» **EXERCISE**: Using the records below, transcribe word for word the stretch from the line that contains "list set \<Rightarrow>" through the line that contains "(\<exists>Q q0 F", both end lines included, and nothing else.

» **INPUT RECORDS**:

(* Unitarity of exp(itM) for real symmetric M, in the form: each row has Euclidean norm 1.
   Indeed the row sum equals (exp(itM) exp(-itM))_xx = 1. *)
lemma mat_exp_row_unit:
  fixes t :: real
  assumes fin: "finite V" and xV: "x \<in> V"
    and sym: "\<And>a b. a \<in> V \<Longrightarrow> b \<in> V \<Longrightarrow> M a b = M b a"
    and real: "\<And>a b. cnj (M a b) = M a b"
    and bd: "\<And>a b. norm (M a b) \<le> B" and B0: "B \<ge> 0"
  shows "(\<Sum>y\<in>V. (cmod (mat_exp V (\<lambda>a b. (\<i> * t) * M a b) x y))\<^sup>2) = 1"
proof -
  let ?U = "\<lambda>c. mat_exp V (\<lambda>a b. c * M a b)"
  have U_sym: "?U c a b = ?U c b a" if "a \<in> V" "b \<in> V" for c a b
    using mat_pow_sym[OF fin sym that] by (simp add: mat_exp_scaled)
  have "complex_of_real (\<Sum>y\<in>V. (cmod (?U (\<i> * t) x y))\<^sup>2)
      = (\<Sum>y\<in>V. ?U (\<i> * t) x y * cnj (?U (\<i> * t) x y))"
    by (simp only: of_real_sum complex_norm_square)
  also have "\<dots> = (\<Sum>y\<in>V. ?U (\<i> * t) x y * ?U (cnj (\<i> * t)) y x)"
    using xV by (intro sum.cong refl) (simp add: mat_exp_cnj[OF real bd B0] U_sym)
  also have "\<dots> = ?U (\<i> * t + cnj (\<i> * t)) x x"
    by (rule mat_exp_mult[OF fin xV bd B0])
  also have "\<dots> = (\<Sum>k. mat_pow V M k x x / of_nat (fact k) * 0 ^ k)"
    unfolding mat_exp_scaled by (intro suminf_cong) (simp add: complex_eq_iff power_0_left)
  also have "\<dots> = 1"
    by (subst powser_zero) simp
  finally show ?thesis
    using of_real_eq_1_iff by blast
qed

lemma mat_exp_eigen_diff:
  assumes fin: "finite V" and xV: "x \<in> V" and yV: "y \<in> V" and xy: "x \<noteq> y"
    and ev: "\<And>a. M a x - M a y = lam * ((if a = x then 1 else 0) - (if a = y then 1 else 0))"
    and bd: "\<And>a b. norm (M a b) \<le> B" and B0: "B \<ge> 0"
  shows "mat_exp V (\<lambda>a b. c * M a b) x x - mat_exp V (\<lambda>a b. c * M a b) x y = exp (c * lam)"
proof -
  let ?f = "\<lambda>u k. c ^ k * mat_pow V M k x u / of_nat (fact k)"
  have sf: "summable (?f u)" for u
    by (rule summable_norm_cancel[OF summable_norm_exp_series[OF mat_pow_norm_bound[OF bd B0]]])
  have "?f x k - ?f y k = (c * lam) ^ k / of_nat (fact k)" for k
  proof -
    have "?f x k - ?f y k = c ^ k * (mat_pow V M k x x - mat_pow V M k x y) / of_nat (fact k)"
      by (simp add: diff_divide_distrib right_diff_distrib)
    then show ?thesis
      using mat_pow_eigen_diff[OF fin xV yV ev, of k x] xy by (simp add: power_mult_distrib)
  qed
  then have "(\<lambda>k. ?f x k - ?f y k) sums exp (c * lam)"
    using exp_converges[of "c * lam"] by (simp add: scaleR_conv_of_real divide_inverse mult.commute)
  moreover have "(\<lambda>k. ?f x k - ?f y k) sums (suminf (?f x) - suminf (?f y))"
    by (intro sums_diff summable_sums sf)
  ultimately show ?thesis
    by (simp add: mat_exp_scaled sums_iff)
qed
inductive oca_run :: "oca_trans set \<Rightarrow> nat \<Rightarrow> nat list \<Rightarrow> nat \<Rightarrow> nat \<Rightarrow> nat \<Rightarrow> bool"
  for T :: "oca_trans set" where
  oca_refl: "oca_run T p [] c p c"
| oca_step: "(p, a, c = 0, q, n) \<in> T \<Longrightarrow>
     oca_run T q w (if c = 0 then n else c - 1 + n) r e \<Longrightarrow>
     oca_run T p (case a of None \<Rightarrow> w | Some x \<Rightarrow> x # w) c r e"

definition oca_lang :: "nat \<Rightarrow> nat set \<Rightarrow> oca_trans set \<Rightarrow> nat list set" where
  "oca_lang q0 F T = {w. \<exists>q e. oca_run T q0 w 0 q e \<and> q \<in> F}"

definition one_counter_lang :: "nat set \<Rightarrow> nat list set \<Rightarrow> bool" where
  "one_counter_lang X L \<longleftrightarrow>
     (\<exists>Q q0 F T. finite Q \<and> q0 \<in> Q \<and> F \<subseteq> Q \<and> finite T \<and>
        (\<forall>(p, a, z, q, n)\<in>T. p \<in> Q \<and> q \<in> Q \<and> set_option a \<subseteq> X) \<and>
        L = oca_lang q0 F T)"

definition regular_left_order :: "('g, 'm) monoid_scheme \<Rightarrow> ('g \<times> 'g) set \<Rightarrow> bool" where
  "regular_left_order G R \<longleftrightarrow> left_order G R \<and>
     (\<exists>X f L. finite X \<and> f ` X \<subseteq> carrier G \<and> eval_word G f ` lists X = carrier G \<and>
        L \<subseteq> lists X \<and> regular_lang X L \<and> eval_word G f ` L = positive_cone G R)"

definition one_counter_left_order :: "('g, 'm) monoid_scheme \<Rightarrow> ('g \<times> 'g) set \<Rightarrow> bool" where
  "one_counter_left_order G R \<longleftrightarrow> left_order G R \<and>
     (\<exists>X f L. finite X \<and> f ` X \<subseteq> carrier G \<and> eval_word G f ` lists X = carrier G \<and>
        L \<subseteq> lists X \<and> one_counter_lang X L \<and> eval_word G f ` L = positive_cone G R)"

fun fp_reduced :: "('a, 'm) monoid_scheme \<Rightarrow> ('b, 'n) monoid_scheme \<Rightarrow> ('a + 'b) list \<Rightarrow> bool" where
  "fp_reduced A B [] = True"
| "fp_reduced A B (Inl a # w) \<longleftrightarrow> a \<in> carrier A \<and> a \<noteq> \<one>\<^bsub>A\<^esub> \<and> fp_reduced A B w \<and>
      (case w of Inl _ # _ \<Rightarrow> False | _ \<Rightarrow> True)"
| "fp_reduced A B (Inr b # w) \<longleftrightarrow> b \<in> carrier B \<and> b \<noteq> \<one>\<^bsub>B\<^esub> \<and> fp_reduced A B w \<and>
      (case w of Inr _ # _ \<Rightarrow> False | _ \<Rightarrow> True)"

fun fp_cons :: "('a, 'm) monoid_scheme \<Rightarrow> ('b, 'n) monoid_scheme \<Rightarrow> 'a + 'b \<Rightarrow> ('a + 'b) list \<Rightarrow> ('a + 'b) list" where
  "fp_cons A B (Inl a) (Inl a' # w) =
     (if a \<otimes>\<^bsub>A\<^esub> a' = \<one>\<^bsub>A\<^esub> then w else Inl (a \<otimes>\<^bsub>A\<^esub> a') # w)"
| "fp_cons A B (Inr b) (Inr b' # w) =
     (if b \<otimes>\<^bsub>B\<^esub> b' = \<one>\<^bsub>B\<^esub> then w else Inr (b \<otimes>\<^bsub>B\<^esub> b') # w)"
| "fp_cons A B (Inl a) w = (if a = \<one>\<^bsub>A\<^esub> then w else Inl a # w)"
| "fp_cons A B (Inr b) w = (if b = \<one>\<^bsub>B\<^esub> then w else Inr b # w)"

definition free_product :: "('a, 'm) monoid_scheme \<Rightarrow> ('b, 'n) monoid_scheme \<Rightarrow> ('a + 'b) list monoid" where
  "free_product A B =
     \<lparr>carrier = {w. fp_reduced A B w},
      mult = (\<lambda>x y. foldr (fp_cons A B) x y),
      one = []\<rparr>"

end

theory Submission
  imports Defs "HOL-Library.Countable"
begin

text \<open>
  Let \<open>P\<^sub>A\<close>, \<open>P\<^sub>B\<close> be the positive cones of the given orders. For a reduced word
  \<open>g = s\<^sub>1 \<dots> s\<^sub>n\<close> of \<open>A * B\<close> let \<open>\<phi>(g)\<close> be the sum of the signs \<open>\<plusminus>1\<close> of the syllables
  \<open>s\<^sub>i\<close> with respect to \<open>P\<^sub>A\<close> or \<open>P\<^sub>B\<close>, plus \<open>1\<close> for every passage from \<open>A\<close> to \<open>B\<close> and \<open>-1\<close>
  for every passage from \<open>B\<close> to \<open>A\<close>. Then \<open>\<phi>(g)\<close> is odd for \<open>g \<noteq> 1\<close>, \<open>\<phi>(g\<inverse>) = -\<phi>(g)\<close>, and
  \<open>\<phi>(gh) \<ge> \<phi>(g) + \<phi>(h) - 1\<close>: in the product the cancelled part of \<open>g\<close> contributes exactly the
  negative of the cancelled part of \<open>h\<close>, and a merged syllable \<open>st\<close> has sign at least
  \<open>sign s + sign t - 1\<close>. Hence \<open>x < y \<longleftrightarrow> \<phi>(x\<inverse>y) > 0\<close> is a left-order with positive cone
  \<open>{g. \<phi>(g) > 0}\<close>.

  Spelling a positive syllable by a word of the regular language of its cone, and a negative one
  by the reversed, letterwise inverted spelling of its inverse, a finite automaton can guess the
  syllables of \<open>g\<close>, check them and add up \<open>\<phi>(g)\<close> on the way; keeping the sign of the running
  sum in the finite control and its absolute value on the counter yields a one-counter automaton.
\<close>

section \<open>Reduced words in the free product\<close>

locale two_groups = A: group A + B: group B
  for A :: "('a, 'm) monoid_scheme" and B :: "('b, 'n) monoid_scheme"
begin

abbreviation reduced :: "('a + 'b) list \<Rightarrow> bool" where
  "reduced \<equiv> fp_reduced A B"

abbreviation fp_mult :: "('a + 'b) list \<Rightarrow> ('a + 'b) list \<Rightarrow> ('a + 'b) list" where
  "fp_mult x y \<equiv> foldr (fp_cons A B) x y"

definition letter_in :: "'a + 'b \<Rightarrow> bool" where
  "letter_in x \<longleftrightarrow> (case x of Inl a \<Rightarrow> a \<in> carrier A | Inr b \<Rightarrow> b \<in> carrier B)"

definition letter_nontrivial :: "'a + 'b \<Rightarrow> bool" where
  "letter_nontrivial x \<longleftrightarrow> (case x of Inl a \<Rightarrow> a \<noteq> \<one>\<^bsub>A\<^esub> | Inr b \<Rightarrow> b \<noteq> \<one>\<^bsub>B\<^esub>)"

definition letter_inv :: "'a + 'b \<Rightarrow> 'a + 'b" where
  "letter_inv x = (case x of Inl a \<Rightarrow> Inl (inv\<^bsub>A\<^esub> a) | Inr b \<Rightarrow> Inr (inv\<^bsub>B\<^esub> b))"

text \<open>Junk unless both letters lie in the same factor.\<close>
definition letter_mult :: "'a + 'b \<Rightarrow> 'a + 'b \<Rightarrow> 'a + 'b" where
  "letter_mult x y =
     (case x of Inl a \<Rightarrow> Inl (a \<otimes>\<^bsub>A\<^esub> projl y) | Inr b \<Rightarrow> Inr (b \<otimes>\<^bsub>B\<^esub> projr y))"

definition fp_inv :: "('a + 'b) list \<Rightarrow> ('a + 'b) list" where
  "fp_inv w = rev (map letter_inv w)"

lemma isl_letter_inv [simp]: "isl (letter_inv x) = isl x"
  by (cases x) (auto simp: letter_inv_def)

lemma isl_letter_mult [simp]: "isl (letter_mult x y) = isl x"
  by (cases x) (auto simp: letter_mult_def)

lemma letter_in_inv: "letter_in x \<Longrightarrow> letter_in (letter_inv x)"
  by (cases x) (auto simp: letter_in_def letter_inv_def)

lemma letter_nontrivial_inv: "letter_in x \<Longrightarrow> letter_nontrivial (letter_inv x) = letter_nontrivial x"
  by (cases x) (auto simp: letter_in_def letter_nontrivial_def letter_inv_def)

» **TASK RESPONSE**:
definition one_counter_lang :: "nat set \<Rightarrow> nat list set \<Rightarrow> bool" where
  "one_counter_lang X L \<longleftrightarrow>
     (\<exists>Q q0 F T. finite Q \<and> q0 \<in> Q \<and> F \<subseteq> Q \<and> finite T \<and>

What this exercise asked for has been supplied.